16:30 - 18:00
Parallel sessions 3
16:30 - 18:00
Room: HSZ - N5
Chair/s:
Elisabeth Hein
In order to perceive and meaningfully interact with the world around us, our sensory systems need to interpret the incoming information. This interpretation process is well illustrated in the case of illusions. With some illusions we perceive very different things in one and same input, as for example in the famous Necker cube or “The dress”, which can be seen blue and black or white and golden. Other illusions make us perceive colors where there are none, as in the watercolor illusion, or cause-and-effect relationships and animacy with simple dots. Therefore, illusions are a wonderful tool to understand more about how perception works. In the symposium, we will look at this question using a variety of different experimental methods and very different illusions in order to learn more about different aspects of perception ranging from auditory motion perception to robotic vision. In particular, in the first talk Meike Kriegeskorte and colleagues will use auditory apparent motion to investigate which factors influence how object correspondence is established, i.e. object identity is perceived despite changes in location across time. In the second talk Shalila Freitag and colleagues will talk about EEG correlates of perceptual (un-)certainty and the role of stimulus predictability when participants observe stimuli with varying degree of ambiguity/visibility (Necker lattices and smiley faces). In the third talk Ben Sommer and colleagues will investigate perceived causality in a paradigm in which a disc can either be perceived as launching another disc or as passing across the other disc. In particular, they use visual adaptation to look at the influence of a launch or pass context on an ambiguous display. In the fourth talk Vebjørn Ekroll will use examples of magic tricks around the illusion of absence that work better than one would expect based on the method of the trick and how perception works. In the last talk Aravind Rao Battaje and colleagues will present work on whether robotic perceptual models could predict population-level and individual human responses to visual illusions, using the example of the fill-in color aftereffect and Silencing by motion.
Submission 643
Studying Visual Illusions Through Robotic Perceptual Models
SymposiumTalk-05
Presented by: Aravind Battaje
Aravind Battaje 1, 3, Angelica Godinez 2, 3, Nina Hanning 2, 3, Martin Rolfs 2, 3, Oliver Brock 1, 3
1 Robotics and Biology Laboratory, Technical University of Berlin, Germany
2 Department of Psychology, Humboldt-University, Berlin, Germany
3 Science of Intelligence, Research Cluster of Excellence, Berlin, Germany
Robotic and human perception both need to extract complex structures from sensorimotor information in real time. This suggests a possible similarity in computational mechanisms despite differing physical substrates. Motivated by this conjecture, we investigated whether robotic perceptual models could shed light on computational mechanisms underlying human vision. We used Active InterCONnect (AICON), a modeling framework that formulates perception as joint constraint resolution. In other words, it represents perceptual problems as networks of interdependent processes that simultaneously satisfy multiple constraints.

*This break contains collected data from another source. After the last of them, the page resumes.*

(* Assume the setting described in the context with $\alpha\le d$. Let $\Lambda$ be a fixed finite set of points of $\mathbb{Z}_{\ge1}^d$ (contained in $\Gamma$ for all large $L$), and define $$\mathcal{L}^{(\Lambda)}=\sum_{k\in\Lambda}\mathcal{L}^{(k)}_k+\frac{1}{2c_\alpha^N}\sum_{j,k\in\Lambda}\frac{\mathcal{L}^{(jk)}_{jk}}{\delta_{jk}+(1-\delta_{jk})\|\mathbf r_j-\mathbf r_k\|_\Gamma^\alpha},\qquad\hat{\mathcal{L}}^{(\Lambda)}=\sum_{k\in\Lambda}\mathcal{L}^{(k)}_k,$$ both acting on operators on $\bigotimes_{j\in\Lambda}\mathbb{C}^D$. Then for every trace-class operator $Q^{(\Lambda)}$ on $\bigotimes_{j\in\Lambda}\mathbb{C}^D$ and every $t\ge0$, $$\lim_{N\to\infty}\big\|e^{t\mathcal{L}^{(\Lambda)}}[Q^{(\Lambda)}]-e^{t\hat{\mathcal{L}}^{(\Lambda)}}[Q^{(\Lambda)}]\big\|_{\mathrm{tr}}=0.$$
   Context: Fix integers $d\ge1$, $D\ge2$, exponent $\alpha\ge0$. For $L\in\mathbb{N}$ let $\Gamma=\{1,\dots,L\}^d$, $N=L^d$, site $j$ at $\mathbf r_j\in\Gamma$. With open boundary conditions $\mathrm{dist}(a,b)=|a-b|$, with periodic ones $\mathrm{dist}(a,b)=\min(|a-b|,L-|a-b|)$; $\|\mathbf r_j-\mathbf r_k\|_\Gamma=(\sum_\mu\mathrm{dist}(\mathbf r_j^\mu,\mathbf r_k^\mu)^2)^{1/2}$. The Kac factor is $c_\alpha^N=\sum_{j\in\Gamma}\|\mathbf r_j\|_\Gamma^{-\alpha}$. Each site carries $\mathbb{C}^D$; superscripts indicate the sites on which maps act. Data: Hermitian $h_k$ on $\mathbb{C}^D$, Hermitian $V_{jk}$ on $\mathbb{C}^D\otimes\mathbb{C}^D$, a finite family of operators $L_\mu$ on $\mathbb{C}^D$, rates $\kappa^\mu_k\ge0$, coefficients $w^\mu_{jk}\in\mathbb{C}$, such that the generators considered generate completely positive trace-preserving dynamics. $\mathcal{L}_k^{(k)}[X]=-i[h_k^{(k)},X]+\sum_\mu\kappa^\mu_k(L_\mu^{(k)}XL_\mu^{(k)\dagger}-\tfrac12\{L_\mu^{(k)\dagger}L_\mu^{(k)},X\})$; $\mathcal{L}_{jk}^{(jk)}[X]=-\tfrac{i(1-\delta_{jk})}{2}[V_{jk}^{(jk)}+V_{kj}^{(jk)},X]+\sum_\mu[\tfrac{w^\mu_{jk}}{2}(L_\mu^{(j)}XL_\mu^{(k)\dagger}-\tfrac12\{L_\mu^{(k)\dagger}L_\mu^{(j)},X\})+\tfrac{w^\mu_{kj}}{2}(L_\mu^{(k)}XL_\mu^{(j)\dagger}-\tfrac12\{L_\mu^{(j)\dagger}L_\mu^{(k)},X\})]$. The data are assumed uniformly bounded in $N$, in particular $C=\sup_N\sup_{j,k}\big(2\|V_{jk}\|+\sum_\mu(|w^\mu_{jk}|+|w^\mu_{kj}|)\|L_\mu\|\,\|L_\mu^\dagger\|\big)<\infty$. *)

theory Defs
  imports "HOL-Analysis.Analysis"
begin

definition mm :: "'i set \<Rightarrow> ('i \<Rightarrow> 'i \<Rightarrow> complex) \<Rightarrow> ('i \<Rightarrow> 'i \<Rightarrow> complex) \<Rightarrow> ('i \<Rightarrow> 'i \<Rightarrow> complex)" where
  "mm I X Y = (\<lambda>a b. \<Sum>c\<in>I. X a c * Y c b)"

definition adj :: "('i \<Rightarrow> 'i \<Rightarrow> complex) \<Rightarrow> ('i \<Rightarrow> 'i \<Rightarrow> complex)" where
  "adj X = (\<lambda>a b. cnj (X b a))"

definition tr :: "'i set \<Rightarrow> ('i \<Rightarrow> 'i \<Rightarrow> complex) \<Rightarrow> complex" where
  "tr I X = (\<Sum>a\<in>I. X a a)"

definition psd :: "'i set \<Rightarrow> ('i \<Rightarrow> 'i \<Rightarrow> complex) \<Rightarrow> bool" where
  "psd I P = (\<forall>v :: 'i \<Rightarrow> complex.
      Im (\<Sum>a\<in>I. \<Sum>b\<in>I. cnj (v a) * P a b * v b) = 0 \<and>
      0 \<le> Re (\<Sum>a\<in>I. \<Sum>b\<in>I. cnj (v a) * P a b * v b))"

definition abs_op :: "'i set \<Rightarrow> ('i \<Rightarrow> 'i \<Rightarrow> complex) \<Rightarrow> ('i \<Rightarrow> 'i \<Rightarrow> complex)" where
  "abs_op I X = (THE P. (\<forall>a b. a \<notin> I \<or> b \<notin> I \<longrightarrow> P a b = 0) \<and> psd I P \<and>
       (\<forall>a\<in>I. \<forall>b\<in>I. mm I P P a b = mm I (adj X) X a b))"

definition trace_norm :: "'i set \<Rightarrow> ('i \<Rightarrow> 'i \<Rightarrow> complex) \<Rightarrow> real" where
  "trace_norm I X = Re (tr I (abs_op I X))"

definition sexp :: "real \<Rightarrow> (('i \<Rightarrow> 'i \<Rightarrow> complex) \<Rightarrow> ('i \<Rightarrow> 'i \<Rightarrow> complex))
                    \<Rightarrow> ('i \<Rightarrow> 'i \<Rightarrow> complex) \<Rightarrow> ('i \<Rightarrow> 'i \<Rightarrow> complex)" where
  "sexp t \<Phi> X = (\<lambda>a b. \<Sum>n. complex_of_real (t ^ n / fact n) * (\<Phi> ^^ n) X a b)"

text \<open>Complete positivity: id_m \<otimes> Phi is positive for every ancilla dimension m.\<close>
definition completely_positive :: "'i set \<Rightarrow> (('i \<Rightarrow> 'i \<Rightarrow> complex) \<Rightarrow> ('i \<Rightarrow> 'i \<Rightarrow> complex)) \<Rightarrow> bool" where
  "completely_positive I \<Phi> = (\<forall>(m::nat) (Y :: nat \<times> 'i \<Rightarrow> nat \<times> 'i \<Rightarrow> complex).
      psd ({..<m} \<times> I) Y \<longrightarrow>
      psd ({..<m} \<times> I) (\<lambda>(a,\<sigma>) (b,\<tau>). \<Phi> (\<lambda>\<sigma>' \<tau>'. Y (a,\<sigma>') (b,\<tau>')) \<sigma> \<tau>))"

definition trace_preserving :: "'i set \<Rightarrow> (('i \<Rightarrow> 'i \<Rightarrow> complex) \<Rightarrow> ('i \<Rightarrow> 'i \<Rightarrow> complex)) \<Rightarrow> bool" where
  "trace_preserving I \<Phi> = (\<forall>X. tr I (\<Phi> X) = tr I X)"

definition cptp :: "'i set \<Rightarrow> (('i \<Rightarrow> 'i \<Rightarrow> complex) \<Rightarrow> ('i \<Rightarrow> 'i \<Rightarrow> complex)) \<Rightarrow> bool" where
  "cptp I \<Phi> = (completely_positive I \<Phi> \<and> trace_preserving I \<Phi>)"

text \<open>Sites are points of Z_{>=1}^d represented as lists of naturals of length d.\<close>
type_synonym site = "nat list"

definition Gamma :: "nat \<Rightarrow> nat \<Rightarrow> site set" where
  "Gamma d L = {r. length r = d \<and> (\<forall>i<d. 1 \<le> r ! i \<and> r ! i \<le> L)}"

text \<open>one-dimensional distance; per = True: periodic, per = False: open boundary conditions\<close>
definition cdist :: "bool \<Rightarrow> nat \<Rightarrow> nat \<Rightarrow> nat \<Rightarrow> real" where
  "cdist per L a b = (if per then min \<bar>real a - real b\<bar> (real L - \<bar>real a - real b\<bar>)
                      else \<bar>real a - real b\<bar>)"

definition gnorm :: "bool \<Rightarrow> nat \<Rightarrow> nat \<Rightarrow> site \<Rightarrow> site \<Rightarrow> real" where
  "gnorm per L d r s = sqrt (\<Sum>i<d. (cdist per L (r ! i) (s ! i))\<^sup>2)"

text \<open>Kac factor c_alpha^N, N = L^d (with the Isabelle convention 0 powr x = 0).\<close>
definition kac :: "bool \<Rightarrow> nat \<Rightarrow> real \<Rightarrow> nat \<Rightarrow> real" where
  "kac per d \<alpha> L = (\<Sum>r\<in>Gamma d L. gnorm per L d r (replicate d 0) powr (- \<alpha>))"

text \<open>Basis of (C^D)^{\<otimes> Lambda}: configurations sigma : Lambda -> {0..<D}, extended by 0.\<close>
type_synonym cfg = "site \<Rightarrow> nat"
type_synonym op = "cfg \<Rightarrow> cfg \<Rightarrow> complex"
type_synonym sop = "nat \<Rightarrow> nat \<Rightarrow> complex"
type_synonym top = "nat \<times> nat \<Rightarrow> nat \<times> nat \<Rightarrow> complex"

definition cfgs :: "nat \<Rightarrow> site set \<Rightarrow> cfg set" where
  "cfgs D \<Lambda> = {\<sigma>. (\<forall>j\<in>\<Lambda>. \<sigma> j < D) \<and> (\<forall>j. j \<notin> \<Lambda> \<longrightarrow> \<sigma> j = 0)}"

definition emb1 :: "site \<Rightarrow> sop \<Rightarrow> op" where
  "emb1 k A = (\<lambda>\<sigma> \<tau>. if (\<forall>i. i \<noteq> k \<longrightarrow> \<sigma> i = \<tau> i) then A (\<sigma> k) (\<tau> k) else 0)"

text \<open>V^{(jk)}: two-site operator, first tensor factor on site j, second on site k (j \<noteq> k).\<close>
definition emb2 :: "site \<Rightarrow> site \<Rightarrow> top \<Rightarrow> op" where
  "emb2 j k V = (\<lambda>\<sigma> \<tau>. if (\<forall>i. i \<noteq> j \<and> i \<noteq> k \<longrightarrow> \<sigma> i = \<tau> i)
                        then V (\<sigma> j, \<sigma> k) (\<tau> j, \<tau> k) else 0)"

definition comm :: "cfg set \<Rightarrow> op \<Rightarrow> op \<Rightarrow> op" where
  "comm I A X = (\<lambda>\<sigma> \<tau>. mm I A X \<sigma> \<tau> - mm I X A \<sigma> \<tau>)"

definition dterm :: "cfg set \<Rightarrow> op \<Rightarrow> op \<Rightarrow> op \<Rightarrow> op" where
  "dterm I A B X = (\<lambda>\<sigma> \<tau>. mm I (mm I A X) (adj B) \<sigma> \<tau>
       - (1/2) * (mm I (mm I (adj B) A) X \<sigma> \<tau> + mm I X (mm I (adj B) A) \<sigma> \<tau>))"

definition Lloc :: "cfg set \<Rightarrow> nat \<Rightarrow> (site \<Rightarrow> sop) \<Rightarrow> (nat \<Rightarrow> site \<Rightarrow> real) \<Rightarrow> (nat \<Rightarrow> sop)
                   \<Rightarrow> site \<Rightarrow> op \<Rightarrow> op" where
  "Lloc I m h \<kappa> Lop k X = (\<lambda>\<sigma> \<tau>.
      - \<i> * comm I (emb1 k (h k)) X \<sigma> \<tau>
      + (\<Sum>\<mu><m. complex_of_real (\<kappa> \<mu> k) * dterm I (emb1 k (Lop \<mu>)) (emb1 k (Lop \<mu>)) X \<sigma> \<tau>))"

definition Lpair :: "cfg set \<Rightarrow> nat \<Rightarrow> (site \<Rightarrow> site \<Rightarrow> top) \<Rightarrow> (nat \<Rightarrow> site \<Rightarrow> site \<Rightarrow> complex)
                    \<Rightarrow> (nat \<Rightarrow> sop) \<Rightarrow> site \<Rightarrow> site \<Rightarrow> op \<Rightarrow> op" where
  "Lpair I m V w Lop j k X = (\<lambda>\<sigma> \<tau>.
      (if j = k then 0 else
         - (\<i> / 2) * comm I (\<lambda>\<sigma>' \<tau>'. emb2 j k (V j k) \<sigma>' \<tau>' + emb2 j k (V k j) \<sigma>' \<tau>') X \<sigma> \<tau>)
      + (\<Sum>\<mu><m. w \<mu> j k / 2 * dterm I (emb1 j (Lop \<mu>)) (emb1 k (Lop \<mu>)) X \<sigma> \<tau>
               + w \<mu> k j / 2 * dterm I (emb1 k (Lop \<mu>)) (emb1 j (Lop \<mu>)) X \<sigma> \<tau>))"

text \<open>Full generator L^{(Lambda)} for lattice side length L (N = L^d).\<close>
definition Lfull :: "bool \<Rightarrow> nat \<Rightarrow> real \<Rightarrow> nat \<Rightarrow> site set \<Rightarrow> nat
     \<Rightarrow> (site \<Rightarrow> sop) \<Rightarrow> (site \<Rightarrow> site \<Rightarrow> top) \<Rightarrow> (nat \<Rightarrow> sop) \<Rightarrow> (nat \<Rightarrow> site \<Rightarrow> real)
     \<Rightarrow> (nat \<Rightarrow> site \<Rightarrow> site \<Rightarrow> complex) \<Rightarrow> nat \<Rightarrow> op \<Rightarrow> op" where
  "Lfull per d \<alpha> D \<Lambda> m h V Lop \<kappa> w L X = (\<lambda>\<sigma> \<tau>.
      (\<Sum>k\<in>\<Lambda>. Lloc (cfgs D \<Lambda>) m h \<kappa> Lop k X \<sigma> \<tau>)
      + complex_of_real (1 / (2 * kac per d \<alpha> L)) *
        (\<Sum>j\<in>\<Lambda>. \<Sum>k\<in>\<Lambda>. Lpair (cfgs D \<Lambda>) m V w Lop j k X \<sigma> \<tau> /
            complex_of_real (if j = k then 1 else gnorm per L d j k powr \<alpha>)))"

definition Lhat :: "nat \<Rightarrow> site set \<Rightarrow> nat \<Rightarrow> (site \<Rightarrow> sop) \<Rightarrow> (nat \<Rightarrow> sop)
     \<Rightarrow> (nat \<Rightarrow> site \<Rightarrow> real) \<Rightarrow> op \<Rightarrow> op" where
  "Lhat D \<Lambda> m h Lop \<kappa> X = (\<lambda>\<sigma> \<tau>. \<Sum>k\<in>\<Lambda>. Lloc (cfgs D \<Lambda>) m h \<kappa> Lop k X \<sigma> \<tau>)"

end

theory Submission
  imports Defs
begin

To study human vision through AICON, we examined two visual illusions as case studies: the Fill-in Color Aftereffect (Van Lier et al., 2009) and Silencing by Motion (Suchow & Alvarez, 2011). These illusions reveal constraints between shape and color perception, and between luminance and motion perception, respectively. AICON models for these illusions replicated human responses with high fidelity, even capturing individual variability. The results reveal that, when viewed through the lens of AICON's computational mechanisms, surprising diversity in human perception can be attributed to basic model parameters such as time constants for color or motion processing. In essence, we demonstrate through the study of visual illusions that a modeling framework originally developed for robotics can help uncover fundamental mechanisms underlying human perception.